In 2002 after a motorcycle accident badly damaged his left ankle, Gregg from The Rural Economist could not ride his show horses anymore. A neighbor set him up with a percheron mare and forecart. Gregg learned about using heavy draft horses for work on his homestead, and the rest…as they say…is history. He will never go back to light horses again!
In a research paper that he wrote for college he learned the following fact: A regular tractor loses two-thirds of the energy it uses in the form of useless heat; a draft animal returns one-third of the energy it uses in the form of useful fertilizer.” He also knows from experience that -if they are well taken care of- the horses will enjoy working and look forward to putting their neck in the collar.
Even though Gregg connected with some mentors in his community he found these books to be invaluable: Training Workhorses / Training Teamsters and Work Horse Handbook both are written by Lynn R. Miller
Listen to hear how Gregg used draft horses to pull trees, plow fields, pull a harrow, cut hay, head hay, spread manure, pull a truck out of the mud it was stuck in, and more.

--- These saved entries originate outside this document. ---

theorem mainTheorem13:
  fixes M :: "real ^ 'n ^ 'n"
  assumes n2: "CARD('n) \<ge> 2"
    and entries01: "\<forall>i j. M $ i $ j \<in> {0, 1}"
  shows "let n = CARD('n); t = card {(i, j). M $ i $ j = 1}; k = real t / real n in
         (t < n \<longrightarrow> \<bar>det M\<bar> \<le> k powr (real n / 2))
       \<and> (t = n \<longrightarrow> \<bar>det M\<bar> \<le> 1)
       \<and> (t > n \<longrightarrow> \<bar>det M\<bar> \<le> k powr ((real n + 1) / 2)
              * ((real n - k) / (real n - 1)) powr ((real n - 1) / 2))"
proof -
  define n where "n = CARD('n)"
  define t where "t = card {(i, j). M $ i $ j = 1}"
  define k where "k = real t / real n"
  have "0 < n"
    by (simp add: n_def)
  have Hadamard_bound: "\<bar>det M\<bar> \<le> k powr (real n / 2)"
    using zero_one_matrix_abs_det_le[OF entries01] by (simp add: k_def t_def n_def)
  have refined_bound: "\<bar>det M\<bar> \<le> k powr ((real n + 1) / 2) * ((real n - k) / (real n - 1)) powr ((real n - 1) / 2)"
    if "n < t"
    using zero_one_matrix_abs_det_le_refined[OF n2 entries01] that \<open>0 < n\<close>
    by (simp add: k_def t_def n_def le_divide_eq)
  show ?thesis
    unfolding Let_def n_def[symmetric] t_def[symmetric] k_def[symmetric]
  proof (intro conjI impI)
    show "\<bar>det M\<bar> \<le> 1" if "t = n"
      using Hadamard_bound that \<open>0 < n\<close> by (simp add: k_def)
  qed (use Hadamard_bound refined_bound in auto)
qed

end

He also shares some tips such as:
- Start with a “grade horse” or non-registered horse to save money.
- It’s good to shop around, and drive the animal before you buy plus other things to look for and check when purchasing an animal.

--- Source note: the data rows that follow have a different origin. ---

lemma walk_period_hadamard_walk_eq:
  assumes "N > 0" and "1 \<le> p" and "sqrt2 ^ p = of_int c"
    and "list_all (returns_to N p c) [0..<2 * N]"
    and "list_all (\<lambda>n. \<not> returns_positively N n) [1..<p]"
  shows "walk_period (hadamard_walk N) = enat p"
proof -
  have one: "hadamard_walk N ^\<^sub>m p = 1\<^sub>m (2 * N)"
    using assms(4) by (intro hadamard_walk_power_eq_one_if_returns[OF assms(1,3)]) (simp add: list_all_iff)
  have "(LEAST n. 1 \<le> n \<and> hadamard_walk N ^\<^sub>m n = 1\<^sub>m (2 * N)) = p"
  proof (rule Least_equality)
    fix n assume n: "1 \<le> n \<and> hadamard_walk N ^\<^sub>m n = 1\<^sub>m (2 * N)"
    show "p \<le> n"
    proof (rule ccontr)
      assume "\<not> p \<le> n"
      then have "\<not> returns_positively N n" using n assms(5) by (simp add: list_all_iff)
      then show False using returns_positively_if_hadamard_walk_power_eq_one[OF assms(1)] n by blast
    qed
  qed (use assms(2) one in simp)
  then show ?thesis using assms(2) one by (auto simp: walk_period_def)
qed

theorem theorem5p2:
  fixes N :: nat
  assumes "N \<ge> 2"
  shows "walk_period (time_evolution N hadamard_F_coin) =
    (if N = 2 then 8 else if N = 4 then 8 else if N = 8 then 24 else \<infinity>)"
proof -
  have "sqrt2 ^ 8 = of_int 16" "sqrt2 ^ 24 = of_int 4096"
    using sqrt2_power_double[of 4] sqrt2_power_double[of 12] by simp_all
  moreover have "list_all (returns_to 2 8 16) [0..<4]" "list_all (\<lambda>n. \<not> returns_positively 2 n) [1..<8]"
    "list_all (returns_to 4 8 16) [0..<8]" "list_all (\<lambda>n. \<not> returns_positively 4 n) [1..<8]"
    "list_all (returns_to 8 24 4096) [0..<16]" "list_all (\<lambda>n. \<not> returns_positively 8 n) [1..<24]"
    by code_simp+
  ultimately have "walk_period (hadamard_walk 2) = 8" "walk_period (hadamard_walk 4) = 8"
    "walk_period (hadamard_walk 8) = 24"
    using walk_period_hadamard_walk_eq[of 2 8 16] walk_period_hadamard_walk_eq[of 4 8 16]
      walk_period_hadamard_walk_eq[of 8 24 4096] by (simp_all add: numeral_eq_enat)
  moreover have "walk_period (hadamard_walk N) = \<infinity>" if "N \<notin> {2, 4, 8}"
    using hadamard_walk_power_ne_one[OF assms that] by (auto simp: walk_period_def)
  ultimately show ?thesis by auto
qed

- It’s best to keep them on a daily schedule.
- They can be fed on $1.25 worth of feed per horse per day.
- If you balance out your chores you’ll only have an hour and a half of daily time taking care of the horses.
- How to treat the disease called “scratches” that plagues horses with furry feet.
- How to make sure your 2 horses will pull together.
- Be careful what videos about horses you watch on YouTube. Some are great, and some stink.